**Your task:** Would you retype each record exactly as given?

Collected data
== Segment start ==

(* Let $X$ be a random vector in $\mathbb{R}^n$. Then $\mathbb{P}\big(X\in\mathcal{C}_n(X)\big)=1$.
   Context: For a random vector $X$ in $\mathbb{R}^n$ and an integer $m\ge0$, the $m$-dimensional mould $\mathcal{C}_m(X)$ is the set of all $x\in\mathbb{R}^n$ such that $\liminf_{\epsilon\to0^+}\mathbb{P}(\|X-x\|_2<\epsilon)/\epsilon^m>0$. (It is a Borel subset of $\mathbb{R}^n$.) *)

theory Defs
  imports "HOL-Probability.Probability"
begin

definition mould :: "'b measure \<Rightarrow> ('b \<Rightarrow> 'a::euclidean_space) \<Rightarrow> nat \<Rightarrow> 'a set" where
  "mould M X m = {x. Liminf (at_right (0::real))
      (\<lambda>e. ereal (measure M {\<omega> \<in> space M. norm (X \<omega> - x) < e} / e ^ m)) > 0}"

end

theory Submission
  imports Defs
begin

text \<open>Let \<open>\<mu>\<close> be the law of \<open>X\<close>, a finite Borel measure on \<open>R^n\<close>. A point \<open>x\<close> outside the
  mould is the centre of arbitrarily small balls with \<open>\<mu>(B(x,e)) < c e^n\<close>, for every \<open>c > 0\<close>.
  For the points \<open>A\<close> of \<open>B(0,k)\<close> outside the mould, the Vitali covering lemma picks countably many
  such balls covering \<open>A\<close> whose shrinkings by the factor 5 are disjoint and lie in \<open>B(0,k+1)\<close>;
  comparing with Lebesgue measure gives \<open>\<mu>(A) vol B(0,1) \<le> c 5^n vol B(0,k+1)\<close>, and letting
  \<open>c \<rightarrow> 0\<close> shows that \<open>A\<close> is \<open>\<mu>\<close>-null. The mould is Borel because, the ball measure being
  monotone in the radius, its defining condition only needs to be checked at rational radii.\<close>

lemma Liminf_ereal_pos_iff:
  "0 < Liminf F (\<lambda>x. ereal (g x)) \<longleftrightarrow> (\<exists>c>0. \<forall>\<^sub>F x in F. c \<le> g x)"
proof
  assume "0 < Liminf F (\<lambda>x. ereal (g x))"
  then obtain c where "0 < ereal c" "ereal c < Liminf F (\<lambda>x. ereal (g x))"
    using ereal_dense2 by blast
  then have "c > 0" "\<forall>\<^sub>F x in F. c < g x"
    using le_Liminf_iff[of "Liminf F (\<lambda>x. ereal (g x))" F "\<lambda>x. ereal (g x)"] by auto
  then show "\<exists>c>0. \<forall>\<^sub>F x in F. c \<le> g x"
    by (auto elim!: eventually_mono)
next
  assume "\<exists>c>0. \<forall>\<^sub>F x in F. c \<le> g x"
  then obtain c where "c > 0" "\<forall>\<^sub>F x in F. ereal c \<le> ereal (g x)"
    by auto
  then have "ereal c \<le> Liminf F (\<lambda>x. ereal (g x))"
    by (intro Liminf_bounded)
  with \<open>c > 0\<close> show "0 < Liminf F (\<lambda>x. ereal (g x))"
    by (meson ereal_less(2) less_le_trans)
qed
(* Let $B_1,B_2$ be finite commutative groups and $q_1,\dots,q_n>1$ integers, $0\le s\le n$. If $q_1q_2\cdots q_s$ is coprime to $|B_2|$ and $q_{s+1}\cdots q_n$ is coprime to $|B_1|$, then $$(B_1\times B_2)\binom{X_1,\dots,X_n}{\mathbb{Z}_{q_1}\times\cdots\times\mathbb{Z}_{q_n}}=B_1\binom{X_1,\dots,X_s}{\mathbb{Z}_{q_1}\times\cdots\times\mathbb{Z}_{q_s}}\times B_2\binom{X_{s+1},\dots,X_n}{\mathbb{Z}_{q_{s+1}}\times\cdots\times\mathbb{Z}_{q_n}},$$ i.e. a polyfract $(P_1,P_2)$ over $B_1\times B_2$ is $(q_1,\dots,q_n)$-periodic if and only if $P_1$ involves only $X_1,\dots,X_s$ and is $(q_1,\dots,q_s)$-periodic, and $P_2$ involves only $X_{s+1},\dots,X_n$ and is $(q_{s+1},\dots,q_n)$-periodic.
   Context: $\mathbb{Z}_r=\mathbb{Z}/r\mathbb{Z}$; $\binom{X}{\delta}=X(X-1)\cdots(X-\delta+1)/\delta!$, $\binom{X}{0}=1$. For a finitely generated commutative group $B$, a $B$-polyfract in $X_1,\dots,X_n$ is a formal finite sum $P=\sum_{\delta\in\mathbb{N}^n}P_\delta\prod_j\binom{X_j}{\delta_j}$ with $P_\delta\in B$, evaluated at $x\in\mathbb{Z}^n$ by $P(x)=\sum_\delta(\prod_j\binom{x_j}{\delta_j})P_\delta$; a polyfract over $B_1\times B_2$ is identified with the pair of its coordinate polyfracts. "$P$ involves $X_j$" means some $\delta$ with $\delta_j>0$ has $P_\delta\ne0$. $B\binom{X_1,\dots,X_n}{\mathbb{Z}_{q_1}\times\cdots\times\mathbb{Z}_{q_n}}$ is the set of $B$-polyfracts whose evaluation map on $\mathbb{Z}^n$ is $q_j$-periodic in the $j$-th variable for all $j$. *)

theory Defs
  imports Main "HOL-Library.Product_Plus"
begin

== Segment end ==

**Answer area:**
(* Let $X$ be a random vector in $\mathbb{R}^n$. Then $\mathbb{P}\big(X\in\mathcal{C}_n(X)\big)=1$.
   Context: For a random vector $X$ in $\mathbb{R}^n$ and an integer $m\ge0$, the $m$-dimensional mould $\mathcal{C}_m(X)$ is the set of all $x\in\mathbb{R}^n$ such that $\liminf_{\epsilon\to0^+}\mathbb{P}(\|X-x\|_2<\epsilon)/\epsilon^m>0$. (It is a Borel subset of $\mathbb{R}^n$.) *)

theory Defs
  imports "HOL-Probability.Probability"
begin

definition mould :: "'b measure \<Rightarrow> ('b \<Rightarrow> 'a::euclidean_space) \<Rightarrow> nat \<Rightarrow> 'a set" where
  "mould M X m = {x. Liminf (at_right (0::real))
      (\<lambda>e. ereal (measure M {\<omega> \<in> space M. norm (X \<omega> - x) < e} / e ^ m)) > 0}"

end

theory Submission
  imports Defs
begin

text \<open>Let \<open>\<mu>\<close> be the law of \<open>X\<close>, a finite Borel measure on \<open>R^n\<close>. A point \<open>x\<close> outside the
  mould is the centre of arbitrarily small balls with \<open>\<mu>(B(x,e)) < c e^n\<close>, for every \<open>c > 0\<close>.
  For the points \<open>A\<close> of \<open>B(0,k)\<close> outside the mould, the Vitali covering lemma picks countably many
  such balls covering \<open>A\<close> whose shrinkings by the factor 5 are disjoint and lie in \<open>B(0,k+1)\<close>;
  comparing with Lebesgue measure gives \<open>\<mu>(A) vol B(0,1) \<le> c 5^n vol B(0,k+1)\<close>, and letting
  \<open>c \<rightarrow> 0\<close> shows that \<open>A\<close> is \<open>\<mu>\<close>-null. The mould is Borel because, the ball measure being
  monotone in the radius, its defining condition only needs to be checked at rational radii.\<close>

lemma Liminf_ereal_pos_iff:
  "0 < Liminf F (\<lambda>x. ereal (g x)) \<longleftrightarrow> (\<exists>c>0. \<forall>\<^sub>F x in F. c \<le> g x)"
proof
  assume "0 < Liminf F (\<lambda>x. ereal (g x))"
  then obtain c where "0 < ereal c" "ereal c < Liminf F (\<lambda>x. ereal (g x))"
    using ereal_dense2 by blast
  then have "c > 0" "\<forall>\<^sub>F x in F. c < g x"
    using le_Liminf_iff[of "Liminf F (\<lambda>x. ereal (g x))" F "\<lambda>x. ereal (g x)"] by auto
  then show "\<exists>c>0. \<forall>\<^sub>F x in F. c \<le> g x"
    by (auto elim!: eventually_mono)
next
  assume "\<exists>c>0. \<forall>\<^sub>F x in F. c \<le> g x"
  then obtain c where "c > 0" "\<forall>\<^sub>F x in F. ereal c \<le> ereal (g x)"
    by auto
  then have "ereal c \<le> Liminf F (\<lambda>x. ereal (g x))"
    by (intro Liminf_bounded)
  with \<open>c > 0\<close> show "0 < Liminf F (\<lambda>x. ereal (g x))"
    by (meson ereal_less(2) less_le_trans)
qed
(* Let $B_1,B_2$ be finite commutative groups and $q_1,\dots,q_n>1$ integers, $0\le s\le n$. If $q_1q_2\cdots q_s$ is coprime to $|B_2|$ and $q_{s+1}\cdots q_n$ is coprime to $|B_1|$, then $$(B_1\times B_2)\binom{X_1,\dots,X_n}{\mathbb{Z}_{q_1}\times\cdots\times\mathbb{Z}_{q_n}}=B_1\binom{X_1,\dots,X_s}{\mathbb{Z}_{q_1}\times\cdots\times\mathbb{Z}_{q_s}}\times B_2\binom{X_{s+1},\dots,X_n}{\mathbb{Z}_{q_{s+1}}\times\cdots\times\mathbb{Z}_{q_n}},$$ i.e. a polyfract $(P_1,P_2)$ over $B_1\times B_2$ is $(q_1,\dots,q_n)$-periodic if and only if $P_1$ involves only $X_1,\dots,X_s$ and is $(q_1,\dots,q_s)$-periodic, and $P_2$ involves only $X_{s+1},\dots,X_n$ and is $(q_{s+1},\dots,q_n)$-periodic.
   Context: $\mathbb{Z}_r=\mathbb{Z}/r\mathbb{Z}$; $\binom{X}{\delta}=X(X-1)\cdots(X-\delta+1)/\delta!$, $\binom{X}{0}=1$. For a finitely generated commutative group $B$, a $B$-polyfract in $X_1,\dots,X_n$ is a formal finite sum $P=\sum_{\delta\in\mathbb{N}^n}P_\delta\prod_j\binom{X_j}{\delta_j}$ with $P_\delta\in B$, evaluated at $x\in\mathbb{Z}^n$ by $P(x)=\sum_\delta(\prod_j\binom{x_j}{\delta_j})P_\delta$; a polyfract over $B_1\times B_2$ is identified with the pair of its coordinate polyfracts. "$P$ involves $X_j$" means some $\delta$ with $\delta_j>0$ has $P_\delta\ne0$. $B\binom{X_1,\dots,X_n}{\mathbb{Z}_{q_1}\times\cdots\times\mathbb{Z}_{q_n}}$ is the set of $B$-polyfracts whose evaluation map on $\mathbb{Z}^n$ is $q_j$-periodic in the $j$-th variable for all $j$. *)

theory Defs
  imports Main "HOL-Library.Product_Plus"
begin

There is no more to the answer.